**Exercise**:
The lines from the top of the data down to the line with "(linear_on_Rplus \<rho> \<longrightarrow>" should be repeated exactly, both ends included.

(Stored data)
theorem mainTheorem1:
  fixes Uval :: "'v::real_normed_vector set"
    and Ucal Uc KU :: "(real \<Rightarrow> 'v) set"
    and normU :: "(real \<Rightarrow> 'v) \<Rightarrow> real"
    and Uadm :: "'x::real_normed_vector \<Rightarrow> (real \<Rightarrow> 'v) set"
    and \<phi> :: "real \<Rightarrow> 'x \<Rightarrow> (real \<Rightarrow> 'v) \<Rightarrow> 'x"
    and KX :: "'x set"
    and \<rho> \<eta> :: "real \<Rightarrow> real"
  assumes sys: "control_system Uval Ucal normU Uadm \<phi>"
    and coneX: "pos_cone KX"
    and coneU: "input_cone Ucal KU"
    and mono: "monotone_inputs KX KU Uadm \<phi>"
    and adm: "\<forall>x. Uadm x = Ucal"
    and Uc: "Uc \<subseteq> Ucal"
    and rho: "class_Kinf \<rho>"
    and i: "\<forall>xm x xp. leK KX xm x \<and> leK KX x xp \<longrightarrow> norm x \<le> \<rho> (norm xm + norm xp)"
    and eta: "class_Kinf \<eta>"
    and ii: "\<forall>u\<in>Ucal. \<exists>um\<in>Uc. \<exists>up\<in>Uc. leU KU um u \<and> leU KU u up \<and>
               normU um \<le> \<eta> (normU u) \<and> normU up \<le> \<eta> (normU u)"
  shows "(ISS_wrt normU Uadm \<phi> Ucal \<longleftrightarrow> ISS_wrt normU Uadm \<phi> Uc) \<and>
         (linear_on_Rplus \<rho> \<longrightarrow>
            (expISS_wrt normU Uadm \<phi> Ucal \<longleftrightarrow> expISS_wrt normU Uadm \<phi> Uc) \<and>
            (expISS_lin_wrt normU Uadm \<phi> Uc \<and> linear_on_Rplus \<eta> \<longrightarrow>
               expISS_lin_wrt normU Uadm \<phi> Ucal))"
proof -
  have "\<forall>u\<in>Ucal. 0 \<le> normU u"
    using sys unfolding control_system_def input_space_def by blast
  moreover have "class_K \<rho>" using rho unfolding class_Kinf_def by blast
  ultimately interpret sandwich_system normU Uadm \<phi> KX KU Ucal Uc \<rho> \<eta>
    using mono adm Uc rho eta i ii by unfold_locales blast+
  show ?thesis
    using ISS_transfer ISS_wrt_antimono[OF Uc] expISS_transfer expISS_wrt_antimono[OF Uc]
      expISS_lin_transfer by blast
qed

end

**Answer below**:
theorem mainTheorem1:
  fixes Uval :: "'v::real_normed_vector set"
    and Ucal Uc KU :: "(real \<Rightarrow> 'v) set"
    and normU :: "(real \<Rightarrow> 'v) \<Rightarrow> real"
    and Uadm :: "'x::real_normed_vector \<Rightarrow> (real \<Rightarrow> 'v) set"
    and \<phi> :: "real \<Rightarrow> 'x \<Rightarrow> (real \<Rightarrow> 'v) \<Rightarrow> 'x"
    and KX :: "'x set"
    and \<rho> \<eta> :: "real \<Rightarrow> real"
  assumes sys: "control_system Uval Ucal normU Uadm \<phi>"
    and coneX: "pos_cone KX"
    and coneU: "input_cone Ucal KU"
    and mono: "monotone_inputs KX KU Uadm \<phi>"
    and adm: "\<forall>x. Uadm x = Ucal"
    and Uc: "Uc \<subseteq> Ucal"
    and rho: "class_Kinf \<rho>"
    and i: "\<forall>xm x xp. leK KX xm x \<and> leK KX x xp \<longrightarrow> norm x \<le> \<rho> (norm xm + norm xp)"
    and eta: "class_Kinf \<eta>"
    and ii: "\<forall>u\<in>Ucal. \<exists>um\<in>Uc. \<exists>up\<in>Uc. leU KU um u \<and> leU KU u up \<and>
               normU um \<le> \<eta> (normU u) \<and> normU up \<le> \<eta> (normU u)"
  shows "(ISS_wrt normU Uadm \<phi> Ucal \<longleftrightarrow> ISS_wrt normU Uadm \<phi> Uc) \<and>
         (linear_on_Rplus \<rho> \<longrightarrow>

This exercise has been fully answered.